Magical thinking, apparently, is big business, even if you don't resort to science-y words.

On a more hopeful note, though, is a second story, this one from Spain.

Another idea that is hardly new is the love spell -- magic cast to make the target of your amorous feelings fall in love with you, or (more prosaically) at least willing to have sex with you.  Like Reverend Joshua's magic water, this one is still with us today, and is still as ineffective as ever -- as Zaragoza businessman José Laparra found out.

Laparra, the owner of Spanish football team Club Deportivo Castellon, had his eye on a woman who evidently was resistant to his advances.  Frustrated, he went to a psychic, Lucia Martin, who said she would help him -- if he paid her $210,000.

Now that is desperation.

Be that as it may, Martin said she knew the very spell, and she took Laparra's money, and proceeded to do her magical stuff.  To no avail; Laparra was no more successful than before.  So he went to Martin, and demanded his money back.

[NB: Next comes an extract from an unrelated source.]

(* Let $A$ be a $2$-pole with $t(A)=(a+2,\,a,\,n)$. Let $A'$ be the $2$-pole constructed from $A$ as follows: take two disjoint copies of $A$ and four new vertices $x_1,x_2,y_1,y_2$; attach one dangling edge of each copy of $A$ to $x_1$ and the other dangling edge of each copy to $x_2$; add the edges of the path $x_1y_1y_2x_2$; finally add one dangling edge at $y_1$ and one dangling edge at $y_2$ (these two are the dangling edges of $A'$). Then $t(A')=(2a+4,\,2a+2,\,2n+4)$.
   Context: An $r$-pole ($r\in\{2,3\}$) is a finite graph together with $r$ dangling edges, each dangling edge being a half-edge attached to exactly one vertex, such that every vertex has degree $3$ when dangling edges are counted (a $2$-pole arises, e.g., from a $2$-edge-connected cubic graph by cutting one edge into two dangling edges). An even factor of an $r$-pole $P$ is a set $F$ of edges and dangling edges of $P$ such that every vertex of $P$ is incident with either $0$ or $2$ elements of $F$; the number of dangling edges in $F$ is always even. Thus $F$ decomposes into disjoint circuits, isolated vertices (vertices incident with no element of $F$), and, if $F$ contains two dangling edges, one path starting and ending with a dangling edge. The excess of $F$ is $q(P,F)=2c+v$, where $c$ is the number of circuits of $F$ and $v$ is the number of isolated vertices (the path through dangling edges contributes nothing). For an $r$-pole $P$ we set $t(P)=(q_0(P),q_2(P),n(P))$, where $q_0(P)$ is the minimum of $q(P,F)$ over all even factors $F$ containing no dangling edges, $q_2(P)$ is the minimum of $q(P,F)$ over all even factors $F$ containing two dangling edges, and $n(P)$ is the number of vertices of $P$. *)

theory Defs
  imports Main "HOL-Library.Multiset" "HOL-Library.Extended_Nat"
begin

Only fair, I suppose, but according to the source, the psychic "foresaw his arrival" and tried to prevent him from entering.  She called the police, who came in, and found the money wrapped up in a newspaper -- and promptly arrested Laparra, because he'd apparently paid the psychic by embezzling the money from the funds belonging to his football club.

Laparra, for his part, proceeded to have an "anxiety attack," which is hardly a surprise, considering the circumstances.  Maybe someone should have gotten him some "new anointing water."